Maybe I expressed myself incorrectly. So I) is KFW, after 20 years 33k remain and that is currently a crystal ball, but it could also be "secured".
II and III are already fixed at 2.35% interest after 15 years, so you can already calculate now when you would be finished with constant installments. Each after about a total of 37 years - not 30. However, if I am finished with KFW after 30 years and additionally use this rate for II and III, so continue to pay overall regularly, it naturally won’t take the full 37 years.
I don’t know why everything here is supposed to be a crystal ball or why there could be a massive increase with the building society savings contract or due to the interest rates when you already get the further interest rate secured for after 15 years?

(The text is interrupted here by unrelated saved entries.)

(* Let $u=s_{i_1}\cdots s_{i_l}$ and $v=s_{j_1}\cdots s_{j_m}$ (both nonempty) be reduced words for glides in $\hat S_n$, $v$ of offset $k_2$, with $vu$ reduced, and let $\alpha_1,\dots,\alpha_n\in\mathbb R$ satisfy $\alpha_i<\alpha_j$ whenever $i\triangleleft j$ in the wiring diagram of $v|u$. Let $\tilde v=\rho^{-k_2}(v)$ with reduced word $s_{j_1-k_2}\cdots s_{j_m-k_2}$, and let $(t_1,\dots,t_n)$, $(t'_1,\dots,t'_n)$ be representatives of $t(u)$ and $t(\tilde v)$. Let $b\neq c$ be real numbers in the same connected component of $\mathbb R\setminus\{\alpha_1,\dots,\alpha_n\}$ with $f(b)=f(c)$ where $f(t)=\prod_j(t-\alpha_j)$ (a $1$-soliton), and $B_j=\frac{b-\alpha_j}{c-\alpha_j}$. Then the speed $$p=\frac{t'_1\log B_1+\dots+t'_n\log B_n}{t_1\log B_1+\dots+t_n\log B_n}$$ is positive.
   Context: $\hat S_n$: generators $s_0,\dots,s_{n-1}$ (indices mod $n$), relations $s_i^2=1$, $s_is_js_i=s_js_is_j$ if $i-j\equiv\pm1$, $s_is_j=s_js_i$ if $i-j\not\equiv0,\pm1$; $\rho$ is the automorphism $s_i\mapsto s_{i+1}$. $\phi:\hat S_n\to S_n$, $s_i\mapsto(i\ i+1)$, $s_0\mapsto(1\ n)$; a glide of offset $k$ is $g$ with $\phi(g)(j)\equiv j+k\pmod n$. Wiring diagram: letters drawn left to right on a cylinder with wires in positions $1,\dots,n$ (mod $n$), $s_i$ a crossing of positions $i,i+1$ ($s_0$: $n$ and $1$); the upper wire of $s_i$ passes from position $i+1$ to $i$ (for $s_0$ from $1$ to $n$). In the diagram of $v|u$, wire $i$ is the wire in position $i$ at the cut between $v$ and $u$; $i\triangleleft j$ means wires $i,j$ cross with $j$ the upper wire. Trajectory of a glide $g$ with a reduced word: lift the diagram of $|g$ to the universal cover (integer positions, wires labelled by starting position); a chamber with set $S$ of underlying wire labels has label $(\mathbf s_i)$, $\mathbf s_i=\lceil\max\{b\in S:b\equiv i\bmod n\}/n\rceil$; $t(g)\in\mathbb Z^n/\mathbb Z(1,\dots,1)$ is the label of the chamber directly above wire $1$ at the right end minus that at the left end. *)

theory Defs
  imports "HOL-Analysis.Analysis"
begin

(* Words in the generators s_0,...,s_{n-1} of the affine symmetric group are
   lists of natural numbers a < n (the letter a stands for s_a), read left to right. *)

definition letters_ok :: "nat \<Rightarrow> nat list \<Rightarrow> bool" where
  "letters_ok n w \<longleftrightarrow> (\<forall>a\<in>set w. a < n)"

definition adj_idx :: "nat \<Rightarrow> nat \<Rightarrow> nat \<Rightarrow> bool" where
  "adj_idx n i j \<longleftrightarrow> (i + 1) mod n = j mod n \<or> (j + 1) mod n = i mod n"

inductive word_move :: "nat \<Rightarrow> nat list \<Rightarrow> nat list \<Rightarrow> bool" for n where
  square: "word_move n (xs @ [i, i] @ ys) (xs @ ys)"
| braid: "adj_idx n i j \<Longrightarrow> word_move n (xs @ [i, j, i] @ ys) (xs @ [j, i, j] @ ys)"
| comm: "i \<noteq> j \<Longrightarrow> \<not> adj_idx n i j \<Longrightarrow> word_move n (xs @ [i, j] @ ys) (xs @ [j, i] @ ys)"

definition word_equiv :: "nat \<Rightarrow> nat list \<Rightarrow> nat list \<Rightarrow> bool" where
  "word_equiv n = equivclp (word_move n)"

definition reduced_word :: "nat \<Rightarrow> nat list \<Rightarrow> bool" where
  "reduced_word n w \<longleftrightarrow> letters_ok n w \<and>
     (\<forall>w'. letters_ok n w' \<and> word_equiv n w w' \<longrightarrow> length w \<le> length w')"

(* the homomorphism \<phi> : \<hat>S_n \<rightarrow> S_n on {1..n}; \<phi>(s_{i1} ... s_{il}) = \<phi>(s_{i1}) o ... o \<phi>(s_{il}) *)
definition swap_pts :: "nat \<Rightarrow> nat \<Rightarrow> nat \<Rightarrow> nat" where
  "swap_pts x y p = (if p = x then y else if p = y then x else p)"

definition lo_pos :: "nat \<Rightarrow> nat \<Rightarrow> nat" where
  "lo_pos n a = (if a = 0 then n else a)"

definition hi_pos :: "nat \<Rightarrow> nat" where
  "hi_pos a = a + 1"

definition phi_gen :: "nat \<Rightarrow> nat \<Rightarrow> nat \<Rightarrow> nat" where
  "phi_gen n a = swap_pts (lo_pos n a) (hi_pos a)"

definition phi :: "nat \<Rightarrow> nat list \<Rightarrow> nat \<Rightarrow> nat" where
  "phi n w = foldr (\<lambda>a f. phi_gen n a \<circ> f) w id"

definition glide :: "nat \<Rightarrow> nat list \<Rightarrow> int \<Rightarrow> bool" where
  "glide n w k \<longleftrightarrow> (\<forall>j\<in>{1..n}. int (phi n w j) mod int n = (int j + k) mod int n)"

(* \<rho>^{-k}: the word s_{j_1-k} ... s_{j_m-k} *)
definition rho_shift :: "nat \<Rightarrow> int \<Rightarrow> nat list \<Rightarrow> nat list" where
  "rho_shift n k w = map (\<lambda>j. nat ((int j - k) mod int n)) w"

(* Wiring diagram on the cylinder, positions 1..n.  A configuration c maps a position
   to the wire occupying it.  Letter a crosses positions lo_pos n a and hi_pos a;
   the upper wire passes from hi_pos a (left) to lo_pos n a (right).
   A pair (x, y) records a crossing of wires x and y with y the upper wire. *)
fun cross_right :: "nat \<Rightarrow> (nat \<Rightarrow> nat) \<Rightarrow> nat list \<Rightarrow> (nat \<times> nat) set" where
  "cross_right n c [] = {}"
| "cross_right n c (a # w) =
     insert (c (lo_pos n a), c (hi_pos a))
       (cross_right n (c \<circ> swap_pts (lo_pos n a) (hi_pos a)) w)"

(* going leftwards from the cut: c is the configuration to the right of the letter *)
fun cross_left :: "nat \<Rightarrow> (nat \<Rightarrow> nat) \<Rightarrow> nat list \<Rightarrow> (nat \<times> nat) set" where
  "cross_left n c [] = {}"
| "cross_left n c (a # w) =
     insert (c (hi_pos a), c (lo_pos n a))
       (cross_left n (c \<circ> swap_pts (lo_pos n a) (hi_pos a)) w)"

(* i \<triangleleft> j in the wiring diagram of v|u (wire i = wire in position i at the cut) *)
definition wire_tri :: "nat \<Rightarrow> nat list \<Rightarrow> nat list \<Rightarrow> nat \<Rightarrow> nat \<Rightarrow> bool" where
  "wire_tri n v u i j \<longleftrightarrow> (i, j) \<in> cross_right n id u \<union> cross_left n id (rev v)"

(* Universal cover: integer positions; letter a crosses positions q, q+1 for all q \<equiv> a mod n. *)
definition cover_step :: "nat \<Rightarrow> nat \<Rightarrow> int \<Rightarrow> int" where
  "cover_step n a p =
     (if p mod int n = int a mod int n then p + 1
      else if p mod int n = (int a + 1) mod int n then p - 1 else p)"

(* final position of the lifted wire starting at position b *)
definition end_pos :: "nat \<Rightarrow> nat list \<Rightarrow> int \<Rightarrow> int" where
  "end_pos n w b = foldl (\<lambda>p a. cover_step n a p) b w"

(* label of a chamber whose set of underlying wire labels is S *)
definition chamber_label :: "nat \<Rightarrow> int set \<Rightarrow> nat \<Rightarrow> int" where
  "chamber_label n S i =
     \<lceil>real_of_int (GREATEST b. b \<in> S \<and> b mod int n = int i mod int n) / real n\<rceil>"

(* (t_1,...,t_n) is a representative of t(g) \<in> Z^n / Z(1,...,1), g given by the word w *)
definition traj_rep :: "nat \<Rightarrow> nat list \<Rightarrow> (nat \<Rightarrow> int) \<Rightarrow> bool" where
  "traj_rep n w t \<longleftrightarrow> (\<exists>c::int. \<forall>i\<in>{1..n}.
      t i = chamber_label n {b. end_pos n w b \<le> end_pos n w 1} i
            - chamber_label n {b. b \<le> 1} i + c)"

Of course, everything still has to be put in writing and checked, but I got the core statements like this for now. Where is the definite catch now?
Hello!
OK, now it looks different. But these are just "games". You can easily recreate all 3 models in Excel. They are just normal annuity loans. I have done that too or "play" from time to time with special repayments. It is clear, of course, if you use freed-up funds for repayment, that shortens the duration.
However, you will neither get models nor assumptions from the bank after the interest fixation. They would be overextending themselves. It is similar with these maturity payments in capital life insurance. How nice it was to see an 8.00 in the model, and in the end the surplus was meager.
What I still don’t understand is component 3, do you also have a follow-up financing at 2.35% there? Or is the remaining sum redeemed with component 2 after 15 years?